What you need to do:
Your answer should hold every line of the records below that contains the string "close".

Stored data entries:
text \<open>Write \<open>x' = x + \<lambda> * x\<close>, where \<open>(\<lambda> * x) \<alpha>\<close> is the sum of \<open>\<lambda> \<beta> x (\<alpha> - \<beta>)\<close>
  over \<open>0 \<noteq> \<beta> \<le> \<alpha>\<close>. Since \<open>\<delta>\<^sup>\<alpha>\<close> is additive and commutes with multiplication by
  constants, and \<open>x\<close> is a descent, \<open>\<delta>\<^sup>\<alpha>\<close> acts on \<open>\<lambda> * x\<close> by shifting the index down
  by \<open>\<alpha>\<close>; hence every such \<open>x'\<close> is a descent. Conversely, for a descent \<open>x'\<close> the
  equation \<open>x' = x + \<lambda> * x\<close> can be solved for \<open>\<lambda> \<alpha>\<close> by recursion on \<open>\<alpha>\<close>, because
  \<open>\<lambda> \<alpha>\<close> occurs only in the term \<open>\<lambda> \<alpha> x 0 = \<lambda> \<alpha>\<close>. Applying \<open>\<delta>\<^sub>i\<close> and the shift rule
  expresses \<open>\<delta>\<^sub>i (\<lambda> \<alpha>)\<close> as the defect of the same equation at \<open>\<alpha> - e\<^sub>i\<close>, which
  vanishes, so all \<open>\<lambda> \<alpha>\<close> are constants. The argument only uses multiplication by
  constants from one fixed side, so it yields the left and the right version alike.\<close>

lemma le_fun_diff_swap:
  fixes \<alpha> \<beta> \<gamma> :: "nat \<Rightarrow> nat"
  assumes "\<gamma> \<le> \<beta>"
  shows "\<alpha> \<le> \<beta> - \<gamma> \<longleftrightarrow> \<alpha> \<le> \<beta> \<and> \<gamma> \<le> \<beta> - \<alpha>"
proof -
  have "\<alpha> i \<le> \<beta> i - \<gamma> i \<longleftrightarrow> \<alpha> i \<le> \<beta> i \<and> \<gamma> i \<le> \<beta> i - \<alpha> i" for i
    using assms[unfolded le_fun_def, rule_format, of i] by arith
  then show ?thesis
    by (simp add: le_fun_def all_conj_distrib)
qed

Solution:
text \<open>Write \<open>x' = x + \<lambda> * x\<close>, where \<open>(\<lambda> * x) \<alpha>\<close> is the sum of \<open>\<lambda> \<beta> x (\<alpha> - \<beta>)\<close>
  over \<open>0 \<noteq> \<beta> \<le> \<alpha>\<close>. Since \<open>\<delta>\<^sup>\<alpha>\<close> is additive and commutes with multiplication by
  constants, and \<open>x\<close> is a descent, \<open>\<delta>\<^sup>\<alpha>\<close> acts on \<open>\<lambda> * x\<close> by shifting the index down
  by \<open>\<alpha>\<close>; hence every such \<open>x'\<close> is a descent. Conversely, for a descent \<open>x'\<close> the
  equation \<open>x' = x + \<lambda> * x\<close> can be solved for \<open>\<lambda> \<alpha>\<close> by recursion on \<open>\<alpha>\<close>, because
  \<open>\<lambda> \<alpha>\<close> occurs only in the term \<open>\<lambda> \<alpha> x 0 = \<lambda> \<alpha>\<close>. Applying \<open>\<delta>\<^sub>i\<close> and the shift rule
  expresses \<open>\<delta>\<^sub>i (\<lambda> \<alpha>)\<close> as the defect of the same equation at \<open>\<alpha> - e\<^sub>i\<close>, which
  vanishes, so all \<open>\<lambda> \<alpha>\<close> are constants. The argument only uses multiplication by
  constants from one fixed side, so it yields the left and the right version alike.\<close>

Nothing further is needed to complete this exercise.